- Work order
All the data must be output exactly as given.

- Provided material
(* Let $\gamma\in\mathbb Q\cap(0,1)$ and let $\gamma_2$ be its right Farey parent. For every $\beta\in(1,2)$ with $$\mathbf d_\beta\in[\,w_\gamma^\infty,\ w_{\gamma_2}w_\gamma^\infty\,]$$ in the lexicographic order, one has $\gamma(\beta)=\gamma$.
   Context: For $\beta\in(1,2)$, let $\mathbf d_\beta=d_1d_2\dots$ be the quasi-greedy expansion of $1$. It equals the greedy expansion $\tilde d_i=\lfloor\beta T_\beta^{i-1}(1)\rfloor$ of $1$ if that expansion does not end in $0^\infty$. If instead the greedy expansion is $\tilde d_1\dots\tilde d_k0^\infty$ with $\tilde d_k=1$, then $\mathbf d_\beta=(\tilde d_1\dots\tilde d_{k-1}0)^\infty$. The admissible set is $X_\beta=\{(x_i)\in\{0,1\}^{\mathbb N}: x_jx_{j+1}\dots\preceq\mathbf d_\beta\ \forall j\}$, where $\preceq$ is the lexicographic order. Farey tree of words: set $w_{0/1}=0$ and $w_{1/1}=1$. Two fractions $a/b<c/d$ are neighbours if $bc-ad=1$. For neighbours $\gamma_1=a/b<\gamma_2=c/d$, put $\gamma_1\oplus\gamma_2=(a+c)/(b+d)$ and $w_{\gamma_1\oplus\gamma_2}=w_{\gamma_2}w_{\gamma_1}$. Every rational $\gamma\in(0,1)$ arises uniquely as $\gamma=\gamma_1\oplus\gamma_2$ with neighbours $\gamma_1<\gamma_2$; these are its left and right Farey parents. The word $w_\gamma$ is the lexicographically maximal cyclic shift of the cyclically balanced word of length $q$ with $p$ ones, where $\gamma=p/q$. $\gamma(\beta)$: the number $\gamma\in[0,1]$ associated to the lexicographically maximal admissible balanced sequence. Equivalently, $\gamma(\beta)=\sup\{\gamma\in\mathbb Q\cap[0,1]: w_\gamma^\infty\in X_\beta\}$. It satisfies: $w_\gamma^\infty$ is admissible iff $\gamma\le\gamma(\beta)$. *)

theory Defs
  imports Complex_Main
begin

text \<open>Infinite 0-1 sequences are functions nat => nat; index 0 is the first digit.\<close>

definition lex_le :: "(nat \<Rightarrow> nat) \<Rightarrow> (nat \<Rightarrow> nat) \<Rightarrow> bool" where
  "lex_le x y \<longleftrightarrow> x = y \<or> (\<exists>n. (\<forall>i<n. x i = y i) \<and> x n < y n)"

definition beta_map :: "real \<Rightarrow> real \<Rightarrow> real" where
  "beta_map \<beta> x = \<beta> * x - of_int \<lfloor>\<beta> * x\<rfloor>"

definition greedy_one :: "real \<Rightarrow> nat \<Rightarrow> nat" where
  "greedy_one \<beta> i = nat \<lfloor>\<beta> * (beta_map \<beta> ^^ i) 1\<rfloor>"

definition greedy_finite :: "real \<Rightarrow> nat \<Rightarrow> bool" where
  "greedy_finite \<beta> k \<longleftrightarrow> greedy_one \<beta> k = 1 \<and> (\<forall>j>k. greedy_one \<beta> j = 0)"

text \<open>Quasi-greedy expansion of 1: if the greedy expansion is
  d_1 ... d_k 0^infinity with d_k = 1, it is (d_1 ... d_{k-1} 0)^infinity.\<close>

definition quasi_greedy :: "real \<Rightarrow> nat \<Rightarrow> nat" where
  "quasi_greedy \<beta> =
     (if \<exists>k. greedy_finite \<beta> k then
        (let k = (THE k. greedy_finite \<beta> k) in
          (\<lambda>i. if i mod (Suc k) = k then 0 else greedy_one \<beta> (i mod (Suc k))))
      else greedy_one \<beta>)"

- Your response
(* Let $\gamma\in\mathbb Q\cap(0,1)$ and let $\gamma_2$ be its right Farey parent. For every $\beta\in(1,2)$ with $$\mathbf d_\beta\in[\,w_\gamma^\infty,\ w_{\gamma_2}w_\gamma^\infty\,]$$ in the lexicographic order, one has $\gamma(\beta)=\gamma$.
   Context: For $\beta\in(1,2)$, let $\mathbf d_\beta=d_1d_2\dots$ be the quasi-greedy expansion of $1$. It equals the greedy expansion $\tilde d_i=\lfloor\beta T_\beta^{i-1}(1)\rfloor$ of $1$ if that expansion does not end in $0^\infty$. If instead the greedy expansion is $\tilde d_1\dots\tilde d_k0^\infty$ with $\tilde d_k=1$, then $\mathbf d_\beta=(\tilde d_1\dots\tilde d_{k-1}0)^\infty$. The admissible set is $X_\beta=\{(x_i)\in\{0,1\}^{\mathbb N}: x_jx_{j+1}\dots\preceq\mathbf d_\beta\ \forall j\}$, where $\preceq$ is the lexicographic order. Farey tree of words: set $w_{0/1}=0$ and $w_{1/1}=1$. Two fractions $a/b<c/d$ are neighbours if $bc-ad=1$. For neighbours $\gamma_1=a/b<\gamma_2=c/d$, put $\gamma_1\oplus\gamma_2=(a+c)/(b+d)$ and $w_{\gamma_1\oplus\gamma_2}=w_{\gamma_2}w_{\gamma_1}$. Every rational $\gamma\in(0,1)$ arises uniquely as $\gamma=\gamma_1\oplus\gamma_2$ with neighbours $\gamma_1<\gamma_2$; these are its left and right Farey parents. The word $w_\gamma$ is the lexicographically maximal cyclic shift of the cyclically balanced word of length $q$ with $p$ ones, where $\gamma=p/q$. $\gamma(\beta)$: the number $\gamma\in[0,1]$ associated to the lexicographically maximal admissible balanced sequence. Equivalently, $\gamma(\beta)=\sup\{\gamma\in\mathbb Q\cap[0,1]: w_\gamma^\infty\in X_\beta\}$. It satisfies: $w_\gamma^\infty$ is admissible iff $\gamma\le\gamma(\beta)$. *)

theory Defs
  imports Complex_Main
begin

text \<open>Infinite 0-1 sequences are functions nat => nat; index 0 is the first digit.\<close>

definition lex_le :: "(nat \<Rightarrow> nat) \<Rightarrow> (nat \<Rightarrow> nat) \<Rightarrow> bool" where
  "lex_le x y \<longleftrightarrow> x = y \<or> (\<exists>n. (\<forall>i<n. x i = y i) \<and> x n < y n)"

definition beta_map :: "real \<Rightarrow> real \<Rightarrow> real" where
  "beta_map \<beta> x = \<beta> * x - of_int \<lfloor>\<beta> * x\<rfloor>"

definition greedy_one :: "real \<Rightarrow> nat \<Rightarrow> nat" where
  "greedy_one \<beta> i = nat \<lfloor>\<beta> * (beta_map \<beta> ^^ i) 1\<rfloor>"

definition greedy_finite :: "real \<Rightarrow> nat \<Rightarrow> bool" where
  "greedy_finite \<beta> k \<longleftrightarrow> greedy_one \<beta> k = 1 \<and> (\<forall>j>k. greedy_one \<beta> j = 0)"

text \<open>Quasi-greedy expansion of 1: if the greedy expansion is
  d_1 ... d_k 0^infinity with d_k = 1, it is (d_1 ... d_{k-1} 0)^infinity.\<close>

definition quasi_greedy :: "real \<Rightarrow> nat \<Rightarrow> nat" where
  "quasi_greedy \<beta> =
     (if \<exists>k. greedy_finite \<beta> k then
        (let k = (THE k. greedy_finite \<beta> k) in
          (\<lambda>i. if i mod (Suc k) = k then 0 else greedy_one \<beta> (i mod (Suc k))))
      else greedy_one \<beta>)"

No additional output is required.